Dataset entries
━━━━━━━━━━━━━━━━━━━━
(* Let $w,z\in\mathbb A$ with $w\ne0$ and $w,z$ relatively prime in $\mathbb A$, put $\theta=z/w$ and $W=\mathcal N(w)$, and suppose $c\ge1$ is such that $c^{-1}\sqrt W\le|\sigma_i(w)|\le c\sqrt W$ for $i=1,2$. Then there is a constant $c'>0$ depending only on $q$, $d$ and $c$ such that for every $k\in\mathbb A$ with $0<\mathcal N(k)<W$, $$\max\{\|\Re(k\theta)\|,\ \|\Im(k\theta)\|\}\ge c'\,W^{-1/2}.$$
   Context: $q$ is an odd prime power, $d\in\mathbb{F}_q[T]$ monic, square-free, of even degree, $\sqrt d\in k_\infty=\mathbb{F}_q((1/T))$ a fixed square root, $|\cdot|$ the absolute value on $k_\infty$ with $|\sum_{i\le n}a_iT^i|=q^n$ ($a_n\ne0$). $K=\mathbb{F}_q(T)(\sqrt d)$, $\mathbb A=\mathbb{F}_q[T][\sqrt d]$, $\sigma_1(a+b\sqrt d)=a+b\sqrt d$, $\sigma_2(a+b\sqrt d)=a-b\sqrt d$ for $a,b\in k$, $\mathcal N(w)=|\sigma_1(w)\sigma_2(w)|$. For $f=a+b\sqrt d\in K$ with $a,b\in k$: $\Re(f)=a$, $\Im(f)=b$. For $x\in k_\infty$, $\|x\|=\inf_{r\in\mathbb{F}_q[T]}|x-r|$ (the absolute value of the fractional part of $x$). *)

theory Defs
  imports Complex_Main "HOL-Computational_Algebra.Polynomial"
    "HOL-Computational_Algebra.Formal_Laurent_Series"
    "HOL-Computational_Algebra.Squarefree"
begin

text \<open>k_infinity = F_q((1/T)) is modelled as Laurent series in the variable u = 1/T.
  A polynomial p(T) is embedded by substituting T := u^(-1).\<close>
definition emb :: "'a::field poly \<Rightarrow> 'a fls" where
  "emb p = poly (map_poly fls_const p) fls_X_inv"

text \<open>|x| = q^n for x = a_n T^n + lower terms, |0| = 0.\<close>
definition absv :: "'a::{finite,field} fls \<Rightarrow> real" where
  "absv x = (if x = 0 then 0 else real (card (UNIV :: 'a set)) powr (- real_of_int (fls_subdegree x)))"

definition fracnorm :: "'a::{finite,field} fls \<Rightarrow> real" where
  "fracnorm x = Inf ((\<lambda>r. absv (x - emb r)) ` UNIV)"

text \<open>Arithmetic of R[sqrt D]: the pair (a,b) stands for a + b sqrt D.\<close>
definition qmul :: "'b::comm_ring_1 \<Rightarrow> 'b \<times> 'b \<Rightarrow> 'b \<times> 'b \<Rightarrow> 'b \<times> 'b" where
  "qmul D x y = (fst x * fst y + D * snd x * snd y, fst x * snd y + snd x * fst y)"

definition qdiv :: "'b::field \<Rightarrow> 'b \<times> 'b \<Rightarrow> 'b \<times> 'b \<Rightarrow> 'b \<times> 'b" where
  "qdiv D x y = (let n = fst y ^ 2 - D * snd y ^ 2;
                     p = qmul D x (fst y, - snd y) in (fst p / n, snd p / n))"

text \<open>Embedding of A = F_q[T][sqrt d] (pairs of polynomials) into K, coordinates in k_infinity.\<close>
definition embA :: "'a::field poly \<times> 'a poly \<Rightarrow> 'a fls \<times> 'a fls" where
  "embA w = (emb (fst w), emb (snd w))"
━━━━━━━━━━━━━━━━━━━━
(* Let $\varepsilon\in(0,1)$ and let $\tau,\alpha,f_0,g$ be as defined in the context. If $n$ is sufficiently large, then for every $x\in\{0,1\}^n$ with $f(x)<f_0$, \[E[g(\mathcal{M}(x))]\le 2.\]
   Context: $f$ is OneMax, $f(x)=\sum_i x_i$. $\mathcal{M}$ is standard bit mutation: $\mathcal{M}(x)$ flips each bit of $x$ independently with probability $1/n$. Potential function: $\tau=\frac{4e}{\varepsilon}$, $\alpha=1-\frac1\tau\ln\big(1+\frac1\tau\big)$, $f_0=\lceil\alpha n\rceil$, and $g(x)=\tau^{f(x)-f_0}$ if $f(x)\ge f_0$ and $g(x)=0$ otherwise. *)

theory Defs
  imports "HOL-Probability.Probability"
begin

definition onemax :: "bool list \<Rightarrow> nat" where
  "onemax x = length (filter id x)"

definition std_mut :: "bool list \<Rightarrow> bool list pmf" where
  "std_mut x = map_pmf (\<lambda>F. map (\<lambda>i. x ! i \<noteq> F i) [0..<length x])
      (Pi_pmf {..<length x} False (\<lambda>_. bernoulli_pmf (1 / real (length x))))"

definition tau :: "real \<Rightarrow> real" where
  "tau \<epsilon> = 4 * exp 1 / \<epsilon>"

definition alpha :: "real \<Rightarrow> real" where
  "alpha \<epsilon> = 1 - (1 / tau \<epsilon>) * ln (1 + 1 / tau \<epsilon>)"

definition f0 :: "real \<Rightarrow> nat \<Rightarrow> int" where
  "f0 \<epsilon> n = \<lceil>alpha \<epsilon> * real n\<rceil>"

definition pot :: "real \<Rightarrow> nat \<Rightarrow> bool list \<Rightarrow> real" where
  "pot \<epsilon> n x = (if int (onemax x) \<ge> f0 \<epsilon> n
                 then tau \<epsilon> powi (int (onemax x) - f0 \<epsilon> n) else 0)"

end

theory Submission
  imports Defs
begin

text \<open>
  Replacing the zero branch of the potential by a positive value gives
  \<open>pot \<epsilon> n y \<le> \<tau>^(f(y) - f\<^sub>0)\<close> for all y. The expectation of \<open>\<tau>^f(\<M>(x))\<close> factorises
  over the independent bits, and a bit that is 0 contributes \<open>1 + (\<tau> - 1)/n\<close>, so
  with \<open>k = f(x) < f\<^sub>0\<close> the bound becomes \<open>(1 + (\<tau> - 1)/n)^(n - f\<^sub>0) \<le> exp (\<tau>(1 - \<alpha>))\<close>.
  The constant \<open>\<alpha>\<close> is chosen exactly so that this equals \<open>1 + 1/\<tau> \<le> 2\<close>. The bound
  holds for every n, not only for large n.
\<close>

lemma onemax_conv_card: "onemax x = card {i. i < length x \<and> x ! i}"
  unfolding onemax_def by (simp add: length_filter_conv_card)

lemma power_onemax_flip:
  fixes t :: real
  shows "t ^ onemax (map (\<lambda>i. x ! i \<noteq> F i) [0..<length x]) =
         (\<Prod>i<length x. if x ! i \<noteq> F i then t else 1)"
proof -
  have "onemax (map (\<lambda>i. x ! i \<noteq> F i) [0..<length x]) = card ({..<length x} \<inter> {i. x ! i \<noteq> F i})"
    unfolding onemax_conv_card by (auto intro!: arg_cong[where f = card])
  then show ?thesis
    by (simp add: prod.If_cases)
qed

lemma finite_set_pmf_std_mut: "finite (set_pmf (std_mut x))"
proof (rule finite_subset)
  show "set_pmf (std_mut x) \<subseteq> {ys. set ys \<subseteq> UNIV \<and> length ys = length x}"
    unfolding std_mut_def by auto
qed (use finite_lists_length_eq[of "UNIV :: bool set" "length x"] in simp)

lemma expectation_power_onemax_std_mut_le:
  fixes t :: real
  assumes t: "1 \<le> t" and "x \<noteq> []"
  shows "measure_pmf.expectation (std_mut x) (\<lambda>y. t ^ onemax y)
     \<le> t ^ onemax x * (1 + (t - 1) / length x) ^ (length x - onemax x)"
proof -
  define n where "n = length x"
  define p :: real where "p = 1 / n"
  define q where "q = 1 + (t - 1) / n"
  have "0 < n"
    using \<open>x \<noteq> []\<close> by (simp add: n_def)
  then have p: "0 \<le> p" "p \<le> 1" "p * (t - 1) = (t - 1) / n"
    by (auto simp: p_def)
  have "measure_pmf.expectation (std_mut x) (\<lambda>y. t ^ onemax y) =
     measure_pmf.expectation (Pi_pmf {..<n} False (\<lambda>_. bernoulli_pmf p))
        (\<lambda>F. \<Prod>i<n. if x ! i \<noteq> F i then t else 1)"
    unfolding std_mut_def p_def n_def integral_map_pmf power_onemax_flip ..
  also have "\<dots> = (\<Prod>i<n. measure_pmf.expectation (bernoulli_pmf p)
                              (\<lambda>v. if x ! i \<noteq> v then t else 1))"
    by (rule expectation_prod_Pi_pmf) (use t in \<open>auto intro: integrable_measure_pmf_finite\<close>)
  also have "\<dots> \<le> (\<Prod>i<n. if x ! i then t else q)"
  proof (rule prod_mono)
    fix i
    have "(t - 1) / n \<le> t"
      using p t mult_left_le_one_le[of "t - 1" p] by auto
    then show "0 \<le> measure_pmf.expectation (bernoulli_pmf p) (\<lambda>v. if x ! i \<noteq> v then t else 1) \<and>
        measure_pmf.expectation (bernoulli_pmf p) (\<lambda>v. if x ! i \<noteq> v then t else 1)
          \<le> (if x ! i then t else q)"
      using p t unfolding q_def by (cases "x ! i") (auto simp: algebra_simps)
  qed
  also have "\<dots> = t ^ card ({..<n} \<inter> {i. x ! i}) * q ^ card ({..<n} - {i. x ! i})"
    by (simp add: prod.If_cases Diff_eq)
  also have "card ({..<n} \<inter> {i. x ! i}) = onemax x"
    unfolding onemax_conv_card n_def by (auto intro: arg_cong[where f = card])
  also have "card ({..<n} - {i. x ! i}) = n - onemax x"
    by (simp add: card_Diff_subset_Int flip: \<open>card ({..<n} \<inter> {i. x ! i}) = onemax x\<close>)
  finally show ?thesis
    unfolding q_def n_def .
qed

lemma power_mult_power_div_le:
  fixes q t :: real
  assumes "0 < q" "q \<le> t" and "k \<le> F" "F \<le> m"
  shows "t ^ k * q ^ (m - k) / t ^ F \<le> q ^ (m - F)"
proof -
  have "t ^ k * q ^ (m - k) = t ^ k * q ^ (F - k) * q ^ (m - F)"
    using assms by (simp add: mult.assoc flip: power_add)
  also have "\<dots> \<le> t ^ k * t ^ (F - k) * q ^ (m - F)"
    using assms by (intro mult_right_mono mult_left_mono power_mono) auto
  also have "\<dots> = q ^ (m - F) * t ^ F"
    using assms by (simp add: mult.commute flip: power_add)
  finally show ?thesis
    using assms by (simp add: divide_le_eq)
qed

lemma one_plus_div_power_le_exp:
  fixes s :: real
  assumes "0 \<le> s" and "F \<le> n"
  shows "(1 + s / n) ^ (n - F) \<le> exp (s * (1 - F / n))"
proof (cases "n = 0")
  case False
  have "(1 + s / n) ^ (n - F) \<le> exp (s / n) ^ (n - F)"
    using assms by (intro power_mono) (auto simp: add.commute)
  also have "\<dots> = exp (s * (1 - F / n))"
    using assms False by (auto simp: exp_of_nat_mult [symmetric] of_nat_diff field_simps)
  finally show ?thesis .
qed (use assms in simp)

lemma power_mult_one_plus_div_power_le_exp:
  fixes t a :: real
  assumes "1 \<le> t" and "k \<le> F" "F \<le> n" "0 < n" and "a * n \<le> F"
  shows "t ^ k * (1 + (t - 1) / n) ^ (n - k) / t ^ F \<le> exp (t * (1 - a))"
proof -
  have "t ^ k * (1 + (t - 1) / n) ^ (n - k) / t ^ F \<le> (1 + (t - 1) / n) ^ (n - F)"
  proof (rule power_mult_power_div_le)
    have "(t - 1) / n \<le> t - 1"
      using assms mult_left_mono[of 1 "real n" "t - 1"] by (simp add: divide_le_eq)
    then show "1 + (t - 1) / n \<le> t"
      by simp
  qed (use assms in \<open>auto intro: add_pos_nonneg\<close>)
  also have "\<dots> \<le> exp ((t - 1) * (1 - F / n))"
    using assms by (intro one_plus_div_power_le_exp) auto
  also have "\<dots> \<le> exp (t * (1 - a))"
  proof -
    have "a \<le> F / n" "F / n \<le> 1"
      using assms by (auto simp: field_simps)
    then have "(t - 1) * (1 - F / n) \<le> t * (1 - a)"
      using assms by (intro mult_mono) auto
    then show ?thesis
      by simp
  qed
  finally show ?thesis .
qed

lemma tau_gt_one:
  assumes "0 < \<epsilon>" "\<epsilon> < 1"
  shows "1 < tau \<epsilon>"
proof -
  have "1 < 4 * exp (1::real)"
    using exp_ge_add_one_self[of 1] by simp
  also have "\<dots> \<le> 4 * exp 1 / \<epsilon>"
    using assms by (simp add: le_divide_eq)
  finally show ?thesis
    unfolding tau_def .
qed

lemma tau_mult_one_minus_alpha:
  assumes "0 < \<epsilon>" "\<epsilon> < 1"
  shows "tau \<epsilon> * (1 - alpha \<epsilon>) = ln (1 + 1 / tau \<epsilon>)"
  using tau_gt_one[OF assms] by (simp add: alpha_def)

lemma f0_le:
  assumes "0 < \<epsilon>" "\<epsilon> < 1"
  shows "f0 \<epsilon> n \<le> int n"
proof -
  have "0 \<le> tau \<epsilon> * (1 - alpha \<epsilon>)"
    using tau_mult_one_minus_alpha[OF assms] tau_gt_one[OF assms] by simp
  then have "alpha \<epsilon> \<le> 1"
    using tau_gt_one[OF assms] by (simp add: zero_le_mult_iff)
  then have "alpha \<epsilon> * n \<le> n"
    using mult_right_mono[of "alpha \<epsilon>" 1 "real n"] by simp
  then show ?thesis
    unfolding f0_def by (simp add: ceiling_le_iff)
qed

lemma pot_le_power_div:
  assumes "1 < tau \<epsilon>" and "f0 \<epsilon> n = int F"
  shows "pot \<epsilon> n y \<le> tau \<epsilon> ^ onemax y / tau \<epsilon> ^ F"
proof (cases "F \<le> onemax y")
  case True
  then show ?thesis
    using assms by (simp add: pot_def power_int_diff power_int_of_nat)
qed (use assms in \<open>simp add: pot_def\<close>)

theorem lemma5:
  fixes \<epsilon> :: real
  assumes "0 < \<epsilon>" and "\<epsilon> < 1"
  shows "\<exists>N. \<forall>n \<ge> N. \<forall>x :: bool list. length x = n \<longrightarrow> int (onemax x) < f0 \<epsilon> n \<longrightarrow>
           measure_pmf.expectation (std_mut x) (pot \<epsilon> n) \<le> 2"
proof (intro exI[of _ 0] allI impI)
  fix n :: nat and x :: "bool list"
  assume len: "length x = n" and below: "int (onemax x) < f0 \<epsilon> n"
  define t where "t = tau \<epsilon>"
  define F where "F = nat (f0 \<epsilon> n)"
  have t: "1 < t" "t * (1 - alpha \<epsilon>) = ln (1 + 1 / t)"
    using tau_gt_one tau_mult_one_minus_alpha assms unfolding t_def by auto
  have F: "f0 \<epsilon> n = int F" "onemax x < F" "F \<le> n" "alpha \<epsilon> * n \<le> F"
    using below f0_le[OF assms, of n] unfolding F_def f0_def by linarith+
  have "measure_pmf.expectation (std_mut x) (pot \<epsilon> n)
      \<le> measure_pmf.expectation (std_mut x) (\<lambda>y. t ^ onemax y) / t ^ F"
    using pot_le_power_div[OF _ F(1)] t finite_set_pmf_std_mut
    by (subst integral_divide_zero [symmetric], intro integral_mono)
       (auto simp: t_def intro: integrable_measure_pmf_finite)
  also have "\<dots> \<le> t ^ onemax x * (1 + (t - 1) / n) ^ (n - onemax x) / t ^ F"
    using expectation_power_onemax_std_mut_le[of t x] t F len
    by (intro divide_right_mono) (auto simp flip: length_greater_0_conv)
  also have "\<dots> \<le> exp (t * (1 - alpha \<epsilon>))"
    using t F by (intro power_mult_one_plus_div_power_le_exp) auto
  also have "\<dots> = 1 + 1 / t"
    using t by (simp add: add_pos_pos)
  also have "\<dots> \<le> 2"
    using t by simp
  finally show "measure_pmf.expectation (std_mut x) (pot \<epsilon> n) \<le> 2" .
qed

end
━━━━━━━━━━━━━━━━━━━━
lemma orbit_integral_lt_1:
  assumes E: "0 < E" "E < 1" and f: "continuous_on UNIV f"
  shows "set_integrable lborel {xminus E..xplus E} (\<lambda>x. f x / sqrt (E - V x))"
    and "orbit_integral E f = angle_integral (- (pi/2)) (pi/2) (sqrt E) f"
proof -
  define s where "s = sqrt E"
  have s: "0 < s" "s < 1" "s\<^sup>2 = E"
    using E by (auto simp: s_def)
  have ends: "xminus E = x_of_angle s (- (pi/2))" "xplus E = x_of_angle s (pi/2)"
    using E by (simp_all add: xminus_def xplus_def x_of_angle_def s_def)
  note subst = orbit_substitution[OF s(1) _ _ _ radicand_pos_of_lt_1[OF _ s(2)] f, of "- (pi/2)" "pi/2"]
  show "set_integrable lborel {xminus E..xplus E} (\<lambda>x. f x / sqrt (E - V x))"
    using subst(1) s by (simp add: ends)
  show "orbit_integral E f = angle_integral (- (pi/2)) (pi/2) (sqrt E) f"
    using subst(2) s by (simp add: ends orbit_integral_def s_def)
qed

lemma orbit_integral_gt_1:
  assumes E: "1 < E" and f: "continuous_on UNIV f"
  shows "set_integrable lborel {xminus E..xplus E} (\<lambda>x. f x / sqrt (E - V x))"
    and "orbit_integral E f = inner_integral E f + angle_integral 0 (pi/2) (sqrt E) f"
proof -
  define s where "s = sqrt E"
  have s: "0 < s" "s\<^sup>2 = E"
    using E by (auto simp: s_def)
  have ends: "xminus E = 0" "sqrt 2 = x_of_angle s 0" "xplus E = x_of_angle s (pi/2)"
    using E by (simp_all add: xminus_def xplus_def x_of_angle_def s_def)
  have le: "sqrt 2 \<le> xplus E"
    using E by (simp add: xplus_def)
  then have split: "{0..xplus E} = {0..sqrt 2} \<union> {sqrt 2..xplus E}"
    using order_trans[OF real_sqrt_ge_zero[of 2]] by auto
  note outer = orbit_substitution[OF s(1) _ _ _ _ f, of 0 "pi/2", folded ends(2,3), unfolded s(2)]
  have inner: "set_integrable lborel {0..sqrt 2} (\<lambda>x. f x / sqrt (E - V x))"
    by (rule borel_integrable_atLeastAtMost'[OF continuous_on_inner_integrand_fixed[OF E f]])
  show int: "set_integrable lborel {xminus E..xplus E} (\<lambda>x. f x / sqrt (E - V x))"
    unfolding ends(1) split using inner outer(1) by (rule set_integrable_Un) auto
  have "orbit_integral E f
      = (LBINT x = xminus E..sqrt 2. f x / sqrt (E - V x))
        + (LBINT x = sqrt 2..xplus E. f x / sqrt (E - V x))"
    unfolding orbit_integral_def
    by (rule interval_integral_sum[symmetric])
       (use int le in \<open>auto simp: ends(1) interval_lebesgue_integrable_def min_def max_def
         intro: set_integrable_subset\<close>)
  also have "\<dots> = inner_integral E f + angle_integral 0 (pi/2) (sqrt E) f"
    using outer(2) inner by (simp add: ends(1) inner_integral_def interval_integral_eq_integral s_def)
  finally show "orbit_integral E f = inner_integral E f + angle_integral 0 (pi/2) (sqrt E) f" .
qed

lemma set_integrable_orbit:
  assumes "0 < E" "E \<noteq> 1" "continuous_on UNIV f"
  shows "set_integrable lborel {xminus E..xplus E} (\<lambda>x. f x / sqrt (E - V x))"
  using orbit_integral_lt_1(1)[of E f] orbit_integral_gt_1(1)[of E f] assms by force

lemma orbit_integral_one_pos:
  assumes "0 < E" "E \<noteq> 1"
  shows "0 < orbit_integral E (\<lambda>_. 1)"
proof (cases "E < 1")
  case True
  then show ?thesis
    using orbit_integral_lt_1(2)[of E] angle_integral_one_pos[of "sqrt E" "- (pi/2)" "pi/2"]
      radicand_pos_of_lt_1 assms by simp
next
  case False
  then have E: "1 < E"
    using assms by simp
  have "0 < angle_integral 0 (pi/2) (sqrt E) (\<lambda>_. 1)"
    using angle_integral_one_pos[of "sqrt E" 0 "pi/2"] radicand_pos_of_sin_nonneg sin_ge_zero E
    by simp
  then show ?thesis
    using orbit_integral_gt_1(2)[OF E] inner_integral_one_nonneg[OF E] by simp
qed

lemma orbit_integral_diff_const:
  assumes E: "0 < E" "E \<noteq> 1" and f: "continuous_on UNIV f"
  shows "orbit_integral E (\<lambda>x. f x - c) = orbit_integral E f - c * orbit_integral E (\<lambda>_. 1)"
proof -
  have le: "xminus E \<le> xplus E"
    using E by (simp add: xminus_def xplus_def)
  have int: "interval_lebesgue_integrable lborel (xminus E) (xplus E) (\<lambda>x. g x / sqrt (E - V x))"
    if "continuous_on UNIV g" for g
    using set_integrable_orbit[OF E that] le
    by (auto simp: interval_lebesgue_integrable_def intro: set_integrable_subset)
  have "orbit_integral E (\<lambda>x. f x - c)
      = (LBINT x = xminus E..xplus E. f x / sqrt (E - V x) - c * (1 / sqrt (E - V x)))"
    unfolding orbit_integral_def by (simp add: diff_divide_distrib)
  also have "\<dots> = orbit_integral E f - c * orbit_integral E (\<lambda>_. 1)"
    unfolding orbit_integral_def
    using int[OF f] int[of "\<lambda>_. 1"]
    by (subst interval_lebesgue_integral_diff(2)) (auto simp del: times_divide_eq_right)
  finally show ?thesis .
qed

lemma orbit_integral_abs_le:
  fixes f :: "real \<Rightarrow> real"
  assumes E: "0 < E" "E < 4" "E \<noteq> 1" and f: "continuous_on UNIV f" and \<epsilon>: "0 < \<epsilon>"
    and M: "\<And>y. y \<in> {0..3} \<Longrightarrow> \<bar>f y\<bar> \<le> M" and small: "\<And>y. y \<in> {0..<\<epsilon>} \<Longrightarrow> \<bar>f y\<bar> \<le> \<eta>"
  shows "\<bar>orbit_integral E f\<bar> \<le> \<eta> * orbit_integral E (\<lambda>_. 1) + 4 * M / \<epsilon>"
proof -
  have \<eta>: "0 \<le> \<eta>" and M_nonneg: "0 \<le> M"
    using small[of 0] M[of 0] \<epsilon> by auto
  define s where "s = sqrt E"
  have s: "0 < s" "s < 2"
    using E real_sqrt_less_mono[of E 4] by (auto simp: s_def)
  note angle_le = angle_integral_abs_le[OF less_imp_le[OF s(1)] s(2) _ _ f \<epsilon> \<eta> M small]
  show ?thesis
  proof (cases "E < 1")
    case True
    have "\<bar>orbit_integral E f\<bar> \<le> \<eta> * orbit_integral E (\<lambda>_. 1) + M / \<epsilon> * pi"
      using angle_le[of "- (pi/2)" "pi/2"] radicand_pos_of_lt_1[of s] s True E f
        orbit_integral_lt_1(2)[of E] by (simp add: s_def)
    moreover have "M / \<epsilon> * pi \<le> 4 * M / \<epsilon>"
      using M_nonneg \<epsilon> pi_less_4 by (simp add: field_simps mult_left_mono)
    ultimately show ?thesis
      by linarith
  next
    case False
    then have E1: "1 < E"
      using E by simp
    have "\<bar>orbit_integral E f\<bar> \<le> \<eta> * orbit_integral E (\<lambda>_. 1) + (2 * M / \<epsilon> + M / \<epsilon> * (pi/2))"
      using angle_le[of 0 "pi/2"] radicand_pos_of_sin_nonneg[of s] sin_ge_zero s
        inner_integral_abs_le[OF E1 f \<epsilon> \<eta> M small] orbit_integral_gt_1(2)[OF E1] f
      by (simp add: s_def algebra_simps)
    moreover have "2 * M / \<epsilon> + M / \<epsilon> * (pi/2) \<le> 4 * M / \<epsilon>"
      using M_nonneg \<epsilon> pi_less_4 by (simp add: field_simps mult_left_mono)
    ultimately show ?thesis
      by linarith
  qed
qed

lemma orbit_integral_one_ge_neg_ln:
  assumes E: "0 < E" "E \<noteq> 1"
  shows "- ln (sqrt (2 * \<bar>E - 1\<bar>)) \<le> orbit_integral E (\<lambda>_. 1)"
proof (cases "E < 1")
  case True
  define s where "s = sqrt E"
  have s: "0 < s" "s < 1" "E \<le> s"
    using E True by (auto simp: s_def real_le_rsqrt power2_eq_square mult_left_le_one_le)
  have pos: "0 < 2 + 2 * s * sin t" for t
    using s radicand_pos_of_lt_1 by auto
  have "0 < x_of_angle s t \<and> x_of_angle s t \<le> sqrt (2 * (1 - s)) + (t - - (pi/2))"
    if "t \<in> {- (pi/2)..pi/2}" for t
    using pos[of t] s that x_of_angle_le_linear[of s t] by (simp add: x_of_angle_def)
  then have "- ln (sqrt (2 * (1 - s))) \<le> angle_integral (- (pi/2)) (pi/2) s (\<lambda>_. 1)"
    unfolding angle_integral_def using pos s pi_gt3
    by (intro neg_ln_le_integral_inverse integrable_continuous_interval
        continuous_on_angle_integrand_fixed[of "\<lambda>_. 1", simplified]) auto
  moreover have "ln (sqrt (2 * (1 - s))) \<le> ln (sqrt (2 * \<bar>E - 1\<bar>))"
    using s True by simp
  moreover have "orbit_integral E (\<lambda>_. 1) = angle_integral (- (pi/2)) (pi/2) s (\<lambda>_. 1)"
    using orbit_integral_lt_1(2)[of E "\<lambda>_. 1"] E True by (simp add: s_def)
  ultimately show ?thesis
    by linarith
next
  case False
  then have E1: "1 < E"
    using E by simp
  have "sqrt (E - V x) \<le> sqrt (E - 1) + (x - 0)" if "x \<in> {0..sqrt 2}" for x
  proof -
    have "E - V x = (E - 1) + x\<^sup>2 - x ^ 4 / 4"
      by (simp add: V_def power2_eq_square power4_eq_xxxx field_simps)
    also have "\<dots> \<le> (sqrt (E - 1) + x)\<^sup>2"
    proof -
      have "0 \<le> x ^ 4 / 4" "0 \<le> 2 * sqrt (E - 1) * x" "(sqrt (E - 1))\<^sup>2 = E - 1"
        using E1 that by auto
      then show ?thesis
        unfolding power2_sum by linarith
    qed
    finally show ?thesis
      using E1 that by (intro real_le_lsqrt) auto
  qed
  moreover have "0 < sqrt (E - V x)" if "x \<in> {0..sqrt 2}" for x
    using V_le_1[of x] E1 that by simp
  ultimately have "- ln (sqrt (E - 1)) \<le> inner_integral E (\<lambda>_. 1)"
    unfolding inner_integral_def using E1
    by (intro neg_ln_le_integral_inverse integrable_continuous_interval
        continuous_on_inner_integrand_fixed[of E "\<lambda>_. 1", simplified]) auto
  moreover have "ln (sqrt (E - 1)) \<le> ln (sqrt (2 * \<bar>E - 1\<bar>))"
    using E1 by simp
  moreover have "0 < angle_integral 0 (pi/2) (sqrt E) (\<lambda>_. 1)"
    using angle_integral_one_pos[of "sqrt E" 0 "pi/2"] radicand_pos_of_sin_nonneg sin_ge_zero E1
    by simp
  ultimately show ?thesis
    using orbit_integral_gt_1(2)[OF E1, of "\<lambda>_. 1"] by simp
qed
━━━━━━━━━━━━━━━━━━━━
# What you have to do
Extract every line containing the string "qmul" from the data above.

# Exercise result
definition qmul :: "'b::comm_ring_1 \<Rightarrow> 'b \<times> 'b \<Rightarrow> 'b \<times> 'b \<Rightarrow> 'b \<times> 'b" where
  "qmul D x y = (fst x * fst y + D * snd x * snd y, fst x * snd y + snd x * fst y)"
                     p = qmul D x (fst y, - snd y) in (fst p / n, snd p / n))"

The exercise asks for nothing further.